(Dataset items)
::::::::::

(* Let $p\ge3$ and $h=\lfloor p/2\rfloor$. Let $m,s,n,j$ be integers and $B$ a real number. If $0\le m<n$, $0\le s<n$, $h+2<B$, and $l_\Gamma(t^{-m}a^jt^s)>Bn$, then $|j|>p^{(\frac{1}{h+2}B-2)n}$.
   Context: $G=BS(1,p)=\langle a,t\mid tat^{-1}=a^p\rangle$ with generating set $\{a^{\pm1},t^{\pm1}\}$; for a word $v$, $l_\Gamma(v)$ denotes the word length (length of a geodesic representative in the Cayley graph) of the element of $G$ represented by $v$. *)

theory Defs
  imports Complex_Main
begin

text \<open>Generators a, a^-1, t, t^-1 of BS(1,p) = < a, t | t a t^-1 = a^p >.\<close>
datatype gen = A | Ai | T | Ti

fun ginv :: "gen \<Rightarrow> gen" where
  "ginv A = Ai" | "ginv Ai = A" | "ginv T = Ti" | "ginv Ti = T"

inductive bs_eq :: "nat \<Rightarrow> gen list \<Rightarrow> gen list \<Rightarrow> bool" for p where
  bs_refl: "bs_eq p w w"
| bs_sym: "bs_eq p u v \<Longrightarrow> bs_eq p v u"
| bs_trans: "bs_eq p u v \<Longrightarrow> bs_eq p v w \<Longrightarrow> bs_eq p u w"
| bs_free: "bs_eq p (u @ [x, ginv x] @ v) (u @ v)"
| bs_rel: "bs_eq p (u @ [T, A, Ti] @ v) (u @ replicate p A @ v)"

text \<open>Word length l_Gamma of the element represented by w (generating set {a^\<pm>1, t^\<pm>1}).\<close>
definition wlen :: "nat \<Rightarrow> gen list \<Rightarrow> nat" where
  "wlen p w = (LEAST n. \<exists>u. length u = n \<and> bs_eq p u w)"

definition apow :: "int \<Rightarrow> gen list" where
  "apow j = (if 0 \<le> j then replicate (nat j) A else replicate (nat (- j)) Ai)"

end

theory Submission
  imports Defs
begin

text \<open>Expanding \<open>j\<close> in base \<open>p\<close> with balanced digits
  \<open>|d| \<le> h\<close>, the identity \<open>a\<^sup>j = t a\<^sup>q t\<^sup>-\<^sup>1 a\<^sup>d\<close> with \<open>j = p q + d\<close> shows that
  \<open>|j| \<le> p\<^sup>k\<close> forces \<open>l(a\<^sup>j) \<le> (h + 2) k + h\<close>. So if \<open>|j| \<le> p\<^sup>x\<^sup>n\<close> with
  \<open>x = B/(h+2) - 2\<close>, then taking \<open>k = \<lceil>x n\<rceil>\<close> the word \<open>t\<^sup>-\<^sup>m a\<^sup>j t\<^sup>s\<close> has length at
  most \<open>2 (n - 1) + (h + 2) k + h \<le> B n\<close>.\<close>

declare bs_trans [trans]

lemma bs_eq_append:
  assumes "bs_eq p u u'" and "bs_eq p v v'"
  shows "bs_eq p (u @ v) (u' @ v')"
proof -
  have cong: "bs_eq p (x @ u @ y) (x @ v @ y)" if "bs_eq p u v" for x y u v
    using that
  proof (induction rule: bs_eq.induct)
    case (bs_free u a v)
    then show ?case using bs_eq.bs_free[of p "x @ u" a "v @ y"] by simp
  next
    case (bs_rel u v)
    then show ?case using bs_eq.bs_rel[of p "x @ u" "v @ y"] by simp
  qed (blast intro: bs_eq.intros)+
  show ?thesis
    using cong[OF assms(1), of "[]" v] cong[OF assms(2), of u' "[]"] by (auto intro: bs_trans)
qed

lemma bs_eq_replicate_cancel:
  "bs_eq p (replicate n x @ replicate k (ginv x)) (replicate (n - k) x @ replicate (k - n) (ginv x))"
proof (induction n arbitrary: k)
  case 0
  then show ?case by (simp add: bs_refl)
next
  case (Suc n)
  show ?case
  proof (cases k)
    case 0
    then show ?thesis by (simp add: bs_refl)
  next
    case (Suc k')
    then have "replicate (Suc n) x @ replicate k (ginv x) = replicate n x @ [x, ginv x] @ replicate k' (ginv x)"
      by (simp add: replicate_append_same[symmetric])
    then show ?thesis
      using bs_free[of p "replicate n x" x "replicate k' (ginv x)"] Suc.IH[of k'] Suc
      by (auto intro: bs_trans)
  qed
qed

lemma bs_eq_conj_replicate:
  assumes "bs_eq p [T, x, Ti] (replicate p x)"
  shows "bs_eq p (T # replicate q x @ [Ti]) (replicate (p * q) x)"
proof (induction q)
  case 0
  then show ?case using bs_free[of p "[]" T "[]"] by simp
next
  case (Suc q)
  have "bs_eq p (T # replicate (Suc q) x @ [Ti]) ([T, x, Ti] @ (T # replicate q x @ [Ti]))"
    using bs_free[of p "[T, x]" Ti "replicate q x @ [Ti]"] by (simp add: bs_sym)
  also have "bs_eq p \<dots> (replicate p x @ replicate (p * q) x)"
    using assms Suc.IH by (rule bs_eq_append)
  also have "replicate p x @ replicate (p * q) x = replicate (p * Suc q) x"
    by (simp add: replicate_add[symmetric])
  finally show ?case .
qed

lemma bs_eq_T_Ai_Ti: "bs_eq p [T, Ai, Ti] (replicate p Ai)"
proof -
  have "bs_eq p [T, Ai, Ti] ([T, Ai, Ti] @ replicate p A @ replicate p Ai)"
    using bs_sym[OF bs_eq_append[OF bs_refl[of p "[T, Ai, Ti]"] bs_eq_replicate_cancel[of p p A p]]]
    by simp
  also have "bs_eq p \<dots> ([T, Ai, Ti] @ [T, A, Ti] @ replicate p Ai)"
    using bs_rel[of p "[T, Ai, Ti]" "replicate p Ai"] by (rule bs_sym)
  also have "bs_eq p \<dots> ([T, Ai] @ [A, Ti] @ replicate p Ai)"
    using bs_free[of p "[T, Ai]" Ti "[A, Ti] @ replicate p Ai"] by simp
  also have "bs_eq p \<dots> ([T] @ [Ti] @ replicate p Ai)"
    using bs_free[of p "[T]" Ai "[Ti] @ replicate p Ai"] by simp
  also have "bs_eq p \<dots> (replicate p Ai)"
    using bs_free[of p "[]" T "replicate p Ai"] by simp
  finally show ?thesis .
qed

lemma length_apow: "length (apow j) = nat \<bar>j\<bar>"
  by (simp add: apow_def)

lemma apow_eq_replicate: "apow j = replicate (nat j) A @ replicate (nat (- j)) Ai"
  by (simp add: apow_def)

lemma bs_eq_apow_add: "bs_eq p (apow a @ apow b) (apow (a + b))"
proof -
  consider "0 \<le> a" "0 \<le> b" | "a < 0" "b < 0" | "0 \<le> a" "b < 0" | "a < 0" "0 \<le> b"
    by linarith
  then show ?thesis
  proof cases
    case 3
    then have "nat a - nat (- b) = nat (a + b)" "nat (- b) - nat a = nat (- (a + b))"
      by simp_all
    with 3 show ?thesis
      using bs_eq_replicate_cancel[of p "nat a" A "nat (- b)"] by (simp add: apow_eq_replicate)
  next
    case 4
    then have "nat (- a) - nat b = nat (- (a + b))" "nat b - nat (- a) = nat (a + b)"
      by simp_all
    with 4 show ?thesis
      using bs_eq_replicate_cancel[of p "nat (- a)" Ai "nat b"]
      by (cases "0 \<le> a + b") (simp_all add: apow_eq_replicate)
  qed (simp_all add: apow_def replicate_add[symmetric] nat_add_distrib[symmetric] bs_refl)
qed

lemma bs_eq_conj_apow:
  assumes "0 < p"
  shows "bs_eq p (T # apow q @ [Ti]) (apow (int p * q))"
proof (cases "0 \<le> q")
  case True
  then show ?thesis
    using bs_eq_conj_replicate[OF bs_rel[of p "[]" "[]", simplified], of "nat q"]
    by (simp add: apow_def nat_mult_distrib)
next
  case False
  with assms have "int p * q < 0" "nat (- (int p * q)) = p * nat (- q)"
    by (simp_all add: mult_pos_neg nat_mult_distrib flip: mult_minus_right)
  with False show ?thesis
    using bs_eq_conj_replicate[OF bs_eq_T_Ai_Ti, of p "nat (- q)"] by (simp add: apow_def)
qed

lemma balanced_division:
  fixes j P :: int
  assumes "2 \<le> P"
  obtains q d where "j = P * q + d" "\<bar>d\<bar> \<le> P div 2" "P * \<bar>q\<bar> \<le> \<bar>j\<bar> + P div 2"
proof
  let ?h = "P div 2"
  show "j = P * ((j + ?h) div P) + ((j + ?h) mod P - ?h)"
    using div_mult_mod_eq[of "j + ?h" P] by (simp add: algebra_simps)
  moreover show "\<bar>(j + ?h) mod P - ?h\<bar> \<le> ?h"
    using assms pos_mod_bound[of P "j + ?h"] pos_mod_sign[of P "j + ?h"] by linarith
  moreover have "\<bar>P * ((j + ?h) div P)\<bar> = P * \<bar>(j + ?h) div P\<bar>"
    using assms by (simp add: abs_mult)
  ultimately show "P * \<bar>(j + ?h) div P\<bar> \<le> \<bar>j\<bar> + ?h"
    by linarith
qed

lemma wlen_le: "bs_eq p u w \<Longrightarrow> wlen p w \<le> length u"
  unfolding wlen_def by (rule Least_le) blast

lemma wlen_le_length: "wlen p w \<le> length w"
  by (rule wlen_le[OF bs_refl])

lemma wlen_witness: obtains u where "bs_eq p u w" "length u = wlen p w"
proof -
  have "\<exists>u. length u = wlen p w \<and> bs_eq p u w"
    unfolding wlen_def by (rule LeastI[of _ "length w"]) (blast intro: bs_refl)
  then show ?thesis using that by blast
qed

lemma wlen_cong:
  assumes "bs_eq p u v"
  shows "wlen p u = wlen p v"
proof -
  have "wlen p v \<le> wlen p u" if "bs_eq p u v" for u v
    by (metis wlen_le wlen_witness bs_trans that)
  then show ?thesis using assms bs_sym by (metis antisym)
qed

lemma wlen_append_le: "wlen p (u @ v) \<le> wlen p u + wlen p v"
proof -
  obtain u' v' where "bs_eq p u' u" "length u' = wlen p u" "bs_eq p v' v" "length v' = wlen p v"
    by (metis wlen_witness)
  then show ?thesis using wlen_le[OF bs_eq_append] by fastforce
qed

lemma wlen_conj_le: "wlen p (replicate a Ti @ w @ replicate b T) \<le> a + b + wlen p w"
proof -
  have "wlen p (replicate a Ti @ w @ replicate b T)
      \<le> wlen p (replicate a Ti) + (wlen p w + wlen p (replicate b T))"
    using wlen_append_le[of p "replicate a Ti"] wlen_append_le[of p w] by (meson add_left_mono order_trans)
  also have "\<dots> \<le> a + (wlen p w + b)"
    using wlen_le_length[of p "replicate a Ti"] wlen_le_length[of p "replicate b T"]
    by (intro add_mono) simp_all
  finally show ?thesis by simp
qed

lemma wlen_apow_le:
  assumes "2 \<le> p" and "\<bar>j\<bar> \<le> int p ^ k"
  shows "wlen p (apow j) \<le> (p div 2 + 2) * k + p div 2"
  using assms(2)
proof (induction k arbitrary: j)
  case 0
  moreover have "1 \<le> p div 2" using assms(1) by simp
  ultimately have "nat \<bar>j\<bar> \<le> p div 2" by simp
  then show ?case using wlen_le_length[of p "apow j"] by (simp add: length_apow)
next
  case (Suc k)
  let ?h = "p div 2"
  obtain q d where jqd: "j = int p * q + d" and d: "\<bar>d\<bar> \<le> int ?h"
    and q: "int p * \<bar>q\<bar> \<le> \<bar>j\<bar> + int ?h"
    using balanced_division[of "int p" j] assms(1) by (auto simp: zdiv_int)
  have "int p * \<bar>q\<bar> < int p * (int p ^ k + 1)"
    using q Suc.prems assms(1) by (simp add: algebra_simps)
  then have "\<bar>q\<bar> \<le> int p ^ k"
    by (simp add: mult_less_cancel_left)
  then have IH: "wlen p (apow q) \<le> (?h + 2) * k + ?h"
    by (rule Suc.IH)
  have "bs_eq p ([T] @ apow q @ [Ti] @ apow d) (apow j)"
    using bs_eq_append[OF bs_eq_conj_apow bs_refl, of p q "apow d"]
      bs_eq_apow_add[of p "int p * q" d] jqd assms(1)
    by (auto intro: bs_trans)
  then have "wlen p (apow j) = wlen p ([T] @ apow q @ [Ti] @ apow d)"
    by (simp add: wlen_cong)
  also have "\<dots> \<le> wlen p [T] + (wlen p (apow q) + (wlen p [Ti] + wlen p (apow d)))"
    by (meson add_mono order_refl order_trans wlen_append_le)
  also have "\<dots> \<le> 1 + (((?h + 2) * k + ?h) + (1 + ?h))"
    using IH d wlen_le_length[of p "[T]"] wlen_le_length[of p "[Ti]"]
      wlen_le_length[of p "apow d"] by (simp add: length_apow)
  finally show ?case by simp
qed

lemma abs_le_power_ceiling:
  fixes j :: int
  assumes "1 \<le> p" and "real_of_int \<bar>j\<bar> \<le> real p powr x"
  shows "\<bar>j\<bar> \<le> int p ^ nat \<lceil>x\<rceil>"
proof -
  have "real p powr x \<le> real p powr real (nat \<lceil>x\<rceil>)"
    using assms(1) by (intro powr_mono) linarith+
  also have "\<dots> = real p ^ nat \<lceil>x\<rceil>"
    using assms(1) by (simp add: powr_realpow)
  finally have "real_of_int \<bar>j\<bar> \<le> real_of_int (int p ^ nat \<lceil>x\<rceil>)"
    using assms(2) by simp
  then show ?thesis
    by (simp only: of_int_le_iff)
qed

lemma length_budget_le:
  fixes H B n m s :: real
  assumes "0 \<le> H" and "H + 2 < B" and "1 \<le> n" and "m \<le> n - 1" and "s \<le> n - 1"
  shows "m + s + (H + 2) * nat \<lceil>(B / (H + 2) - 2) * n\<rceil> + H \<le> B * n"
proof -
  define x where "x = B / (H + 2) - 2"
  define k where "k = nat \<lceil>x * n\<rceil>"
  have Bn: "B * n = (H + 2) * (x * n) + 2 * (H * n) + 4 * n"
    using assms(1) unfolding x_def by (simp add: field_simps)
  have Hn: "H \<le> H * n"
    using assms(1,3) by (simp add: mult_le_cancel_left1)
  have "m + s + (H + 2) * k + H \<le> B * n"
  proof (cases "k = 0")
    case True
    have "(H + 2) * n \<le> B * n"
      using assms(2,3) by (intro mult_right_mono) simp_all
    with True Hn assms(4,5) show ?thesis
      by (simp add: algebra_simps)
  next
    case False
    then have "real k \<le> x * n + 1"
      unfolding k_def by linarith
    then have "(H + 2) * k \<le> (H + 2) * (x * n) + (H + 2)"
      using assms(1) mult_left_mono[of "real k" "x * n + 1" "H + 2"] by (simp add: algebra_simps)
    with Bn Hn assms(3-5) show ?thesis
      by linarith
  qed
  then show ?thesis
    unfolding k_def x_def .
qed

theorem lemma6p3:
  fixes p :: nat and m s n j :: int and B :: real
  assumes "p \<ge> 3"
    and "0 \<le> m" and "m < n" and "0 \<le> s" and "s < n"
    and "real (p div 2) + 2 < B"
    and "real (wlen p (replicate (nat m) Ti @ apow j @ replicate (nat s) T)) > B * real_of_int n"
  shows "real_of_int \<bar>j\<bar> > real p powr ((B / (real (p div 2) + 2) - 2) * real_of_int n)"
proof (rule ccontr)
  let ?h = "p div 2"
  define k where "k = nat \<lceil>(B / (real ?h + 2) - 2) * real_of_int n\<rceil>"
  assume "\<not> ?thesis"
  then have "\<bar>j\<bar> \<le> int p ^ k"
    unfolding k_def using assms(1) by (intro abs_le_power_ceiling) auto
  then have "wlen p (apow j) \<le> (?h + 2) * k + ?h"
    using assms(1) by (intro wlen_apow_le) simp_all
  then have wlen_w: "wlen p (replicate (nat m) Ti @ apow j @ replicate (nat s) T)
      \<le> nat m + nat s + ((?h + 2) * k + ?h)"
    using wlen_conj_le[of p "nat m" "apow j" "nat s"] by linarith
  have "real_of_int m + real_of_int s + (real ?h + 2) * k + real ?h \<le> B * real_of_int n"
    unfolding k_def using assms(2-6) by (intro length_budget_le) simp_all
  then show False
    using assms(2,4,7) of_nat_mono[OF wlen_w, where 'a=real] by (simp add: algebra_simps)
qed

end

::::::::::

» **Problem to work on**
Report each line in the entries where the string "lceil" occurs.

» **Answer to the problem**
  \<open>x = B/(h+2) - 2\<close>, then taking \<open>k = \<lceil>x n\<rceil>\<close> the word \<open>t\<^sup>-\<^sup>m a\<^sup>j t\<^sup>s\<close> has length at
  shows "\<bar>j\<bar> \<le> int p ^ nat \<lceil>x\<rceil>"
  have "real p powr x \<le> real p powr real (nat \<lceil>x\<rceil>)"
  also have "\<dots> = real p ^ nat \<lceil>x\<rceil>"
  finally have "real_of_int \<bar>j\<bar> \<le> real_of_int (int p ^ nat \<lceil>x\<rceil>)"
  shows "m + s + (H + 2) * nat \<lceil>(B / (H + 2) - 2) * n\<rceil> + H \<le> B * n"
  define k where "k = nat \<lceil>x * n\<rceil>"
  define k where "k = nat \<lceil>(B / (real ?h + 2) - 2) * real_of_int n\<rceil>"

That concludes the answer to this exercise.